▶ _Exercise instructions_
Treat the line containing "(m1 * m2) $ 0" as the first line of the answer and the last line of the data as its final line, reproducing every line between exactly.

= Beginning of Section =

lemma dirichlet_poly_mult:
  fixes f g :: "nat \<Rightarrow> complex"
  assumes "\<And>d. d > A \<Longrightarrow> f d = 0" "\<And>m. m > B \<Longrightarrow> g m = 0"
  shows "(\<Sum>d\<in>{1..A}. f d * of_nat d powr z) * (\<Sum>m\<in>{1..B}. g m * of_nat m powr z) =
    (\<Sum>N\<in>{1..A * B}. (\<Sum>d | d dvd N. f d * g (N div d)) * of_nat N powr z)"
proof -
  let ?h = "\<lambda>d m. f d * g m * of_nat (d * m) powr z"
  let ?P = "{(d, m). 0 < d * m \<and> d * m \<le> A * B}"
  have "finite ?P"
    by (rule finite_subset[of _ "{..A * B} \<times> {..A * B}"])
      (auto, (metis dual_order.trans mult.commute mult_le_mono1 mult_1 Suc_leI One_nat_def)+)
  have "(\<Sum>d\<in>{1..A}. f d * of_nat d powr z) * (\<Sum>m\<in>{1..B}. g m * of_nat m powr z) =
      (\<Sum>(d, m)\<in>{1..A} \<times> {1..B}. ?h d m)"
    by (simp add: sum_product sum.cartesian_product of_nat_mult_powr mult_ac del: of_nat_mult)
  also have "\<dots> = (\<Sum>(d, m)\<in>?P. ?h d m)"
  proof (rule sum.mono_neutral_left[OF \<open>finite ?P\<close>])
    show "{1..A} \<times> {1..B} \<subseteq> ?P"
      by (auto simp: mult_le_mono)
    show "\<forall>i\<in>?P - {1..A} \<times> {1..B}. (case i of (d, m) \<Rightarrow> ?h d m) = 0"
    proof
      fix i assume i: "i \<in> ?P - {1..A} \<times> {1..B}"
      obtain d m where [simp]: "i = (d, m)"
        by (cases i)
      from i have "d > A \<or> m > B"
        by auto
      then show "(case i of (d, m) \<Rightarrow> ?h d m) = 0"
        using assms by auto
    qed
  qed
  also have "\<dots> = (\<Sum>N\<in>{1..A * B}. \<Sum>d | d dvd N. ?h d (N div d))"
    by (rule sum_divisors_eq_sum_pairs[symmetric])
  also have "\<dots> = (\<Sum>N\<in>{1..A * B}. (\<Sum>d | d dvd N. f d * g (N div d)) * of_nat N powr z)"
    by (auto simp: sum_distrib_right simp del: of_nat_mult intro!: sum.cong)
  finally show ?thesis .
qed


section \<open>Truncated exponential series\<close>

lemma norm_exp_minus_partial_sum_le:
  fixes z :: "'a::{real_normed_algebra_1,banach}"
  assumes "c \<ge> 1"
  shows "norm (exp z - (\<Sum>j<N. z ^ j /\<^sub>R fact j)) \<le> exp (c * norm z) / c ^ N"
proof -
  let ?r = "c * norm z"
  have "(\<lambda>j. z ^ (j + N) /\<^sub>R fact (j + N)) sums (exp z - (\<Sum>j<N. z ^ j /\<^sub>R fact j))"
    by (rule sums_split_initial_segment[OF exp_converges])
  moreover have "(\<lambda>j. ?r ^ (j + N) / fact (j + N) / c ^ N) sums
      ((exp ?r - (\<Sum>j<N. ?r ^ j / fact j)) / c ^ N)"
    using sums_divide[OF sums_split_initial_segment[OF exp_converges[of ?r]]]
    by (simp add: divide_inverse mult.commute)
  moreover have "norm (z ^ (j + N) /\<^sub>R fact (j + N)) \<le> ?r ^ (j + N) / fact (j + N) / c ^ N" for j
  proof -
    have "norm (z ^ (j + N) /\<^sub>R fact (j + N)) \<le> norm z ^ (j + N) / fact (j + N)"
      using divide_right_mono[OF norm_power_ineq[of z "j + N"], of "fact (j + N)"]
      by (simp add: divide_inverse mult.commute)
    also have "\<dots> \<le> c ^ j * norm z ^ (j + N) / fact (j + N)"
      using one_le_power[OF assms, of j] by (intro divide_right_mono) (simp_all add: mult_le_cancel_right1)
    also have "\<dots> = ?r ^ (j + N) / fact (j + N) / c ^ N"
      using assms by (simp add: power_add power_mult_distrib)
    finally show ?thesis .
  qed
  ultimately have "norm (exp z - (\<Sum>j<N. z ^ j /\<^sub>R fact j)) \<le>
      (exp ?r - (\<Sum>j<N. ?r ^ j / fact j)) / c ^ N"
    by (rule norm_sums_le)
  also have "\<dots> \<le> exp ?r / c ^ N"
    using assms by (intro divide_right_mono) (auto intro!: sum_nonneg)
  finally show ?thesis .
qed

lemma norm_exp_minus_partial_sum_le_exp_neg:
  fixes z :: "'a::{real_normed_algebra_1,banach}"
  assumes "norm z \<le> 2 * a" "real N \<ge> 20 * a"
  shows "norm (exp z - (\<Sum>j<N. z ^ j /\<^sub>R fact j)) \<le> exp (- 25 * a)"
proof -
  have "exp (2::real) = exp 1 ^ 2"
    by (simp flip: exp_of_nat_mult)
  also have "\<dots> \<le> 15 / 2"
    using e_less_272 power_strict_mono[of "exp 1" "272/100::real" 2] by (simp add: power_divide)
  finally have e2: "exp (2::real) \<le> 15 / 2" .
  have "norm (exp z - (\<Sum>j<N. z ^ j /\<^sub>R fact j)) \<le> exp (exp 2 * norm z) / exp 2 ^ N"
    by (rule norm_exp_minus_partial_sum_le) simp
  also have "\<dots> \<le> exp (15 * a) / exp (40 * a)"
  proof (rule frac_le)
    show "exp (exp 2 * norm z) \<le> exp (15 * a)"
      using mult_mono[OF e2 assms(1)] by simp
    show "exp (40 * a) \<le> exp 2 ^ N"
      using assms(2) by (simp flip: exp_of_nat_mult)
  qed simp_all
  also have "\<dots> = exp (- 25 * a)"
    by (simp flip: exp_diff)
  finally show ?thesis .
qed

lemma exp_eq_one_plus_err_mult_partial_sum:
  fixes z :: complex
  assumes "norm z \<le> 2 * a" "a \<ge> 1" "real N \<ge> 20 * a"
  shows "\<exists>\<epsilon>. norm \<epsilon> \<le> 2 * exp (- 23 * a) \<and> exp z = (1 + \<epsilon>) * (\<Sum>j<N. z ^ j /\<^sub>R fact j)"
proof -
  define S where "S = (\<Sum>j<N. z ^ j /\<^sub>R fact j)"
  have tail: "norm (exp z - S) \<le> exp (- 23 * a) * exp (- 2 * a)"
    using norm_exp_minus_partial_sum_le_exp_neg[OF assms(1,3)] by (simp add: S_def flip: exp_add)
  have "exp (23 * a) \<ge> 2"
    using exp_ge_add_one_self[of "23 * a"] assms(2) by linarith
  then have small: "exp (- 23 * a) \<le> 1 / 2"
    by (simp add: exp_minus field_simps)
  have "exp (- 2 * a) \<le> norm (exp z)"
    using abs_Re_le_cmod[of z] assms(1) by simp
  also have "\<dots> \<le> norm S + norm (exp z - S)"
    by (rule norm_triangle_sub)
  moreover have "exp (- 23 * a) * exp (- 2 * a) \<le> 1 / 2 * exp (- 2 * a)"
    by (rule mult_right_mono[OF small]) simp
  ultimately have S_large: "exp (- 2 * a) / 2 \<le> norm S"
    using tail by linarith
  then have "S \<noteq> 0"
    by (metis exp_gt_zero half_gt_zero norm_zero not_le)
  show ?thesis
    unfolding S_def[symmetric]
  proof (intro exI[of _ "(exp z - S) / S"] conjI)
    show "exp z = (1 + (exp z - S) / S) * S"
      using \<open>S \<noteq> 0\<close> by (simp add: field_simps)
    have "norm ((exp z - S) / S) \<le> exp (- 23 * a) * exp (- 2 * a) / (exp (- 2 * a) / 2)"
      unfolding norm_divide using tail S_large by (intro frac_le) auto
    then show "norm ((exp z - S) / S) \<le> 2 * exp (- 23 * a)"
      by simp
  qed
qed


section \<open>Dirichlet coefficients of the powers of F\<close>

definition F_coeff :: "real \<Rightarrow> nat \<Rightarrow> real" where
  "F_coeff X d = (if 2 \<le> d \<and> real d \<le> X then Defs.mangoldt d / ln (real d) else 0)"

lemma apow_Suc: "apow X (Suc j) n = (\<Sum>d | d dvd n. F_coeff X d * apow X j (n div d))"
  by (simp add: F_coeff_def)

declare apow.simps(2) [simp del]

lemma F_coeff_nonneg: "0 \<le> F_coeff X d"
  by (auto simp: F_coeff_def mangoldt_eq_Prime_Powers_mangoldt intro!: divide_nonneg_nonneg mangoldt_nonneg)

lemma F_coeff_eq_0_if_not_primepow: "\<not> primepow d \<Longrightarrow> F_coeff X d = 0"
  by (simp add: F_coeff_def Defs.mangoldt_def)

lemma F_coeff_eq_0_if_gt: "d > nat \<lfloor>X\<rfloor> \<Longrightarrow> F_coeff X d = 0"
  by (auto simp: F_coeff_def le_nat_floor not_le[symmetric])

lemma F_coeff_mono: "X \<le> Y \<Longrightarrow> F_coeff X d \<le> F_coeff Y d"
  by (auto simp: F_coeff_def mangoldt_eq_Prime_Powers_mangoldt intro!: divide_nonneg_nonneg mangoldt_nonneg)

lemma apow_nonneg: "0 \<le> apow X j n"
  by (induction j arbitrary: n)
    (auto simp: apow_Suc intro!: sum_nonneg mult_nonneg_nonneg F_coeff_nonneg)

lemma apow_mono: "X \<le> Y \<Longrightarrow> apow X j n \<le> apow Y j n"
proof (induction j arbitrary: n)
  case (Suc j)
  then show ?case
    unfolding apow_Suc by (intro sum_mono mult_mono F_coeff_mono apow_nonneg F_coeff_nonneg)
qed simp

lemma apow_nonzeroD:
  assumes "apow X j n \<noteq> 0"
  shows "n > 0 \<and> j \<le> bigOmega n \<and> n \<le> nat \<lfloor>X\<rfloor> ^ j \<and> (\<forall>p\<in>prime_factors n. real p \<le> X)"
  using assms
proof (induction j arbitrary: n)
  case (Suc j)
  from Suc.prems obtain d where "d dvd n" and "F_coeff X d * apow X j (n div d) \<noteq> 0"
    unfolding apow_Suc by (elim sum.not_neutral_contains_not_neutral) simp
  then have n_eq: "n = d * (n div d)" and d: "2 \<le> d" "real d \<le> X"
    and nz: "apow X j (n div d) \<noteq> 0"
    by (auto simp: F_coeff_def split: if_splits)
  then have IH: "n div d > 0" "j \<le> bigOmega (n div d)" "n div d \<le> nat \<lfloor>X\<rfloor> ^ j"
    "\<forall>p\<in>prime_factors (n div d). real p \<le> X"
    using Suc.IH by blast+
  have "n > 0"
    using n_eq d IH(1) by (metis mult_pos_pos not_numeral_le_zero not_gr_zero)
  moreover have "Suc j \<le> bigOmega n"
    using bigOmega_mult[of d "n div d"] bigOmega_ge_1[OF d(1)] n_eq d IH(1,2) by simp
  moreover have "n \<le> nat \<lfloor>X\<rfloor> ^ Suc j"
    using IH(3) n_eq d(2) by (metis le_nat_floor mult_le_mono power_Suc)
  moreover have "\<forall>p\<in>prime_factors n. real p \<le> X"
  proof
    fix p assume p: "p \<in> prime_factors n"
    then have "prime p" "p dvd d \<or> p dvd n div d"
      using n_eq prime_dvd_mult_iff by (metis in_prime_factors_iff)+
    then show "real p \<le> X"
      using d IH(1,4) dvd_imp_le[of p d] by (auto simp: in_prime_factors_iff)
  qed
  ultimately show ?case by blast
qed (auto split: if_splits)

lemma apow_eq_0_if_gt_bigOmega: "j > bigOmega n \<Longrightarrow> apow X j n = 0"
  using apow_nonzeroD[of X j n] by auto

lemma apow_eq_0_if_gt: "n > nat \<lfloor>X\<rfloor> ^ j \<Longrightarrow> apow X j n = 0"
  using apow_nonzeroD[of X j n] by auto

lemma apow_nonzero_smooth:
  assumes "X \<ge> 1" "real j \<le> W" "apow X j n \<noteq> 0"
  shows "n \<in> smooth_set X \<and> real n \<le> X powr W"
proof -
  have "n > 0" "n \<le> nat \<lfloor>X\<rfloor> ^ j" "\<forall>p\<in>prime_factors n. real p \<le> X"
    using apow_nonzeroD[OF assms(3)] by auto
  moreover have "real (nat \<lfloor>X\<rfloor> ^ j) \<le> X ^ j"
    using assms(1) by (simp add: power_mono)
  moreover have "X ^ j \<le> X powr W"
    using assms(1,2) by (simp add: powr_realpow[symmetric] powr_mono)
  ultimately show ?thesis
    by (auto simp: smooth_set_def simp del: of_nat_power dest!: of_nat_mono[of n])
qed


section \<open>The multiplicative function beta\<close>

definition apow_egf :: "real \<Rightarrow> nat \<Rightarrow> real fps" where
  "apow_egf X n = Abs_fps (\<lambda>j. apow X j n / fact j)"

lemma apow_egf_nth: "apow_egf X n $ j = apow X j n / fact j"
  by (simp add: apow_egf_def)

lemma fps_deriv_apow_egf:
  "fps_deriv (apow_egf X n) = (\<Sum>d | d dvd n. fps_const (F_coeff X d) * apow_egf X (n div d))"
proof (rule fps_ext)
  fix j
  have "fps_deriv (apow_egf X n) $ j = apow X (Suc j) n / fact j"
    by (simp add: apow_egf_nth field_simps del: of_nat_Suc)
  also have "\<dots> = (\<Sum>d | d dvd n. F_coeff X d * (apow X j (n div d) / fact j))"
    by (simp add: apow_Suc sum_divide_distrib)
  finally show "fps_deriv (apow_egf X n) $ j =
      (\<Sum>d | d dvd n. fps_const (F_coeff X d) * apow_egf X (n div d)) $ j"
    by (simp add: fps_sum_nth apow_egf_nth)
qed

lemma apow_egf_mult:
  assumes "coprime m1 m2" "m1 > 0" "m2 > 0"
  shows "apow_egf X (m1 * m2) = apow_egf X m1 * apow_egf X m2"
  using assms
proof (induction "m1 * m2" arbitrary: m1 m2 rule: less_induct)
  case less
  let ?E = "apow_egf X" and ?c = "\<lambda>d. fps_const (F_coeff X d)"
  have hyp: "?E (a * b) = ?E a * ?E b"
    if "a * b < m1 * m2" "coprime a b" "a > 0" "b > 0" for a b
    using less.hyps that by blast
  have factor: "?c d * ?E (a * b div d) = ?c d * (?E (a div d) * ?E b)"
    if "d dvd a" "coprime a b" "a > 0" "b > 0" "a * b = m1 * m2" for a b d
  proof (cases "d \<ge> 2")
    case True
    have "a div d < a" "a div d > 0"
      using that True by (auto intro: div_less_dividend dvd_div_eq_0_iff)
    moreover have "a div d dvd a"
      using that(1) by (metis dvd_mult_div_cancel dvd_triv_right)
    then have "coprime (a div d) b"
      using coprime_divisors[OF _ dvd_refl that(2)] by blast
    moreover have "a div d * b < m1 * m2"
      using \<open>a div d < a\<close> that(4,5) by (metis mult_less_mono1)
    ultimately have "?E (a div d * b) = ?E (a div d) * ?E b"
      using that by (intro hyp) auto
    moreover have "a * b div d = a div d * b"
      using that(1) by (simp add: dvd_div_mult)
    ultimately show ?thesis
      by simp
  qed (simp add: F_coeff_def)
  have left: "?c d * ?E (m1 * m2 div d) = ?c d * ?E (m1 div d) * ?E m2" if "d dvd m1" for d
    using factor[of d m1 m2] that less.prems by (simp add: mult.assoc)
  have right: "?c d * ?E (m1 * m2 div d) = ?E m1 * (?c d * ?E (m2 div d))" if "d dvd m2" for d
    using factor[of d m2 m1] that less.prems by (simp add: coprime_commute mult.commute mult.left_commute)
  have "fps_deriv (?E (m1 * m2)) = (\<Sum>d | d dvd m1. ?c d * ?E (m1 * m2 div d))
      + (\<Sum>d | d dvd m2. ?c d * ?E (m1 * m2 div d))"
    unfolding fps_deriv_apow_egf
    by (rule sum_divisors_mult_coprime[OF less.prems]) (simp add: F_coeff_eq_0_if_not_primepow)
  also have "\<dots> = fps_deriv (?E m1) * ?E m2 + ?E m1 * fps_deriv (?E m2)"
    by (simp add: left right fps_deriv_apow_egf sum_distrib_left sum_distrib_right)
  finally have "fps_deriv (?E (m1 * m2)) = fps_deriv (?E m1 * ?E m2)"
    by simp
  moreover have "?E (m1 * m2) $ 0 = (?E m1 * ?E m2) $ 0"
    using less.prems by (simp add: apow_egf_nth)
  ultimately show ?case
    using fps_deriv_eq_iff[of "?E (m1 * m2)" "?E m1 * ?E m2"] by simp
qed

= End of Section =

▶ _Solution for this exercise_
  moreover have "?E (m1 * m2) $ 0 = (?E m1 * ?E m2) $ 0"
    using less.prems by (simp add: apow_egf_nth)
  ultimately show ?case
    using fps_deriv_eq_iff[of "?E (m1 * m2)" "?E m1 * ?E m2"] by simp
qed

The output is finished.